Remembering the perfect lake day, Kien is also reminded of the times during the war when he missed Phuong: once when he had malaria; another time when he was severely wounded; and finally when he and his men captured the commandos who murdered the three farm girls. 

After the war, Phuong decides to break off their relationship. She has been living next door to Kien, and men come to her every night, but Kien says he would rather listen to their laughter through the walls than for her to leave. But Phuong has also been devastated by the war; she tells Kien she has done horrible things to survive. She says they will never see each other again.

Pages 108-146 Analysis

The mute girl is a symbol of voice. Kien, after finishing his manuscript, no longer cares about it, but the girl, who has no voice, believes it has value. She is also a symbol of other women, and reminds Kien of the women who haunt him. Kien feels guilt in some way for their deaths, or the way he treated them. He also misses them. He says he only needs a dark moon and a balmy West Lake breeze to remember the last perfect day with Phuong, and that over the years he has returned to the lake many times to remember, but in his sickness during the war he mistook the nurse for Phuong, as if conjuring her memory could heal his wounds. He is trying to heal his wounds with writing, which is why he returns to not only the scenes of death and destruction during the war, but the times he turned away from love, such as at the lake, when he would not make love to Phuong. 

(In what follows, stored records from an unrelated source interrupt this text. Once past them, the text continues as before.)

lemma Pd_abs_reduced_weight:
  assumes "\<forall>e. w$e - t * v$e \<noteq> 0"
    and "\<rho> = (\<chi> e. if w$e - t * v$e > 0 then 1 else 0)"
  shows "Pd v w Vc (\<chi> e. \<bar>w$e - t * v$e\<bar>, t) = Pu w \<rho> + t * (v \<bullet> \<rho> - Vc)"
proof -
  have "Pu w \<rho> - Pd v w Vc (\<chi> e. \<bar>w$e - t * v$e\<bar>, t) = t * (Vc - v \<bullet> \<rho>)"
    using assms by (simp add: Pu_minus_Pd dual_term_abs)
  then show ?thesis by (simp add: algebra_simps)
qed

lemma finite_Za: "finite (Za v Vc)"
proof -
  have "Za v Vc \<subseteq> vec_lambda ` (UNIV \<rightarrow>\<^sub>E {0, 1})"
  proof
    fix \<rho> assume "\<rho> \<in> Za v Vc"
    then have "vec_nth \<rho> \<in> UNIV \<rightarrow>\<^sub>E {0, 1}" by (auto simp: Za_def)
    then show "\<rho> \<in> vec_lambda ` (UNIV \<rightarrow>\<^sub>E {0, 1})" by (metis image_eqI vec_nth_inverse)
  qed
  then show ?thesis by (rule finite_subset) (simp add: finite_PiE)
qed

lemma sum_le_sum_differing_at:
  fixes f g :: "'a \<Rightarrow> 'b::ordered_ab_group_add"
  assumes "finite A" "e \<in> A" "\<And>i. i \<in> A \<Longrightarrow> i \<noteq> e \<Longrightarrow> f i = g i" "sum f A \<le> sum g A"
  shows "f e \<le> g e"
proof -
  have "sum f (A - {e}) = sum g (A - {e})" using assms(3) by (intro sum.cong) auto
  with assms show ?thesis by (simp add: sum.remove)
qed

lemma sign_preserving_radius:
  fixes a b :: "'a::finite \<Rightarrow> real"
  assumes "\<forall>e. a e \<noteq> 0"
  obtains \<delta> where "\<delta> > 0"
    and "\<And>t e. \<bar>t\<bar> < \<delta> \<Longrightarrow> a e - t * b e \<noteq> 0 \<and> (a e - t * b e > 0 \<longleftrightarrow> a e > 0)"
proof
  let ?\<delta> = "Min (range (\<lambda>e. \<bar>a e\<bar> / (\<bar>b e\<bar> + 1)))"
  show "?\<delta> > 0" using assms by (simp add: Min_gr_iff)
  fix t e assume t: "\<bar>t\<bar> < ?\<delta>"
  have "\<bar>t * b e\<bar> \<le> \<bar>t\<bar> * (\<bar>b e\<bar> + 1)" by (simp add: abs_mult mult_left_mono)
  also have "\<dots> < ?\<delta> * (\<bar>b e\<bar> + 1)" using t by (intro mult_strict_right_mono) auto
  also have "\<dots> \<le> \<bar>a e\<bar>" by (simp add: pos_le_divide_eq[symmetric])
  finally show "a e - t * b e \<noteq> 0 \<and> (a e - t * b e > 0 \<longleftrightarrow> a e > 0)" by auto
qed

context
  fixes v w \<sigma> :: "real^'n" and Vc \<tau> :: real
  assumes dual_feas: "(\<sigma>, \<tau>) \<in> Sa"
    and dual_opt: "\<forall>\<zeta>\<in>Sa. Pd v w Vc \<zeta> \<le> Pd v w Vc (\<sigma>, \<tau>)"
begin

lemma sigma_pos: "\<sigma>$e > 0" and tau_nonneg: "\<tau> \<ge> 0"
  using dual_feas by (auto simp: Sa_def)

lemma sigma_eq_abs_reduced_weight:
  "w$e - \<tau> * v$e \<noteq> 0 \<and> \<sigma>$e = \<bar>w$e - \<tau> * v$e\<bar>"
proof (rule dual_term_minimal_imp_abs[OF sigma_pos])
  fix t :: real assume "t > 0"
  define \<sigma>' where "\<sigma>' = (\<chi> i. if i = e then t else \<sigma>$i)"
  have "(\<sigma>', \<tau>) \<in> Sa" using \<open>t > 0\<close> sigma_pos tau_nonneg by (auto simp: Sa_def \<sigma>'_def)
  with dual_opt have "Pd v w Vc (\<sigma>', \<tau>) \<le> Pd v w Vc (\<sigma>, \<tau>)" by blast
  then have "(\<Sum>i\<in>UNIV. dual_term (\<sigma>$i) (w$i - \<tau> * v$i))
      \<le> (\<Sum>i\<in>UNIV. dual_term (\<sigma>'$i) (w$i - \<tau> * v$i))"
    by (simp add: Pd_dual_term)
  then have "dual_term (\<sigma>$e) (w$e - \<tau> * v$e) \<le> dual_term (\<sigma>'$e) (w$e - \<tau> * v$e)"
    by (rule sum_le_sum_differing_at[rotated 3]) (simp_all add: \<sigma>'_def)
  then show "dual_term (\<sigma>$e) (w$e - \<tau> * v$e) \<le> dual_term t (w$e - \<tau> * v$e)"
    by (simp add: \<sigma>'_def)
qed

lemma rho_bar_indicator:
  "rho_bar v w \<sigma> \<tau> = (\<chi> e. if w$e - \<tau> * v$e > 0 then 1 else 0)"
  using sigma_eq_abs_reduced_weight by (auto simp: vec_eq_iff rho_bar_def)
lemma fps_eq_one_div_two_minus:
  fixes p u :: "nat \<Rightarrow> 'a::field"
  assumes "p 0 = 1" "u 0 = 1" "\<And>n. n \<ge> 1 \<Longrightarrow> p n = (\<Sum>i = 1..n. u i * p (n - i))"
  shows "Abs_fps p = 1 / (2 - Abs_fps u)"
proof -
  let ?P = "Abs_fps p" and ?U = "Abs_fps u"
  have "((?U - 1) * ?P) $ n = (\<Sum>i = 1..n. u i * p (n - i))" for n
    by (simp add: fps_mult_nth sum.atLeast_Suc_atMost assms(2))
  then have P: "?P = 1 + (?U - 1) * ?P"
    by (intro fps_ext) (auto simp: assms(1,3) Suc_le_eq)
  have "(2 - ?U) * ?P = ?P - (?U - 1) * ?P"
    by (simp add: algebra_simps)
  also have "\<dots> = 1"
    using P by (simp add: diff_eq_eq)
  finally have "(2 - ?U) * ?P = 1" .
  moreover have "(2 - ?U) $ 0 \<noteq> 0"
    by (simp add: assms(2))
  ultimately show ?thesis
    by (simp add: fps_divide_unit fps_inverse_unique)
qed

theorem theorem2:
  fixes A :: "'a set" and k :: nat
  assumes "finite A" and "card A = k" and "k \<ge> 2"
  shows "(Abs_fps (\<lambda>n. of_nat (pal_count A n)) :: rat fps)
           = 1 / (2 - Abs_fps (\<lambda>n. of_nat (unb_count A n)))"
proof -
  have pal_count: "pal_count A n = card {w \<in> words A (2 * n). palstar w}" for n
    by (simp add: pal_count_def words_def)
  have unb_count: "unb_count A n = card {w \<in> words A n. unbordered w}" for n
    by (simp add: unb_count_def words_def)
  show ?thesis
  proof (rule fps_eq_one_div_two_minus)
    show "of_nat (pal_count A n) = (\<Sum>i = 1..n. of_nat (unb_count A i) * of_nat (pal_count A (n - i)))"
      if "n \<ge> 1" for n
      unfolding pal_count unb_count card_palstars_unbordered_recurrence[OF assms(1) that]
      by simp
  qed (simp_all add: pal_count unb_count card_words_zero unbordered_Nil palstar.palstar_Nil)
qed

end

Kien is also displaying the same behavior his father did just before he died. Kien talks about death—he wishes for it, but believes it is his duty to finish his novel so that future generations will know his story. He feels life leaving him, much as his father felt his will to live dwindle. He stays up all night like his father did, and he drinks and writes just as his father drank and painted. When Kien says that his father’s paintings never sold, and were never understood by the working class, he is saying he is afraid his novel will never be understood by others. Phuong understood Kien’s father’s painting, but yet she helped him burn them. The mute girl doesn’t understand Kien’s writing, but she keeps them even when Kien is afraid they have no value, or that he has gotten all the value he can from the writing, and the finished work means little. Yet he says constantly that he has a duty to write his story, which means that what he really fears is, like his father’s paintings, people will not believe his writing has any value, and therefore he believes his life has no value, since his novel is the story of his life. In these pages, he keeps returning to the one perfect day with Phuong, trying to find some value in it, but what he finds is that it was only the last good day before the war, and there have been no others since then. Nothing then, including his writing, has any value. Art has no value in in a time of war. Even love, as the Communist Party tells the school children, has no value.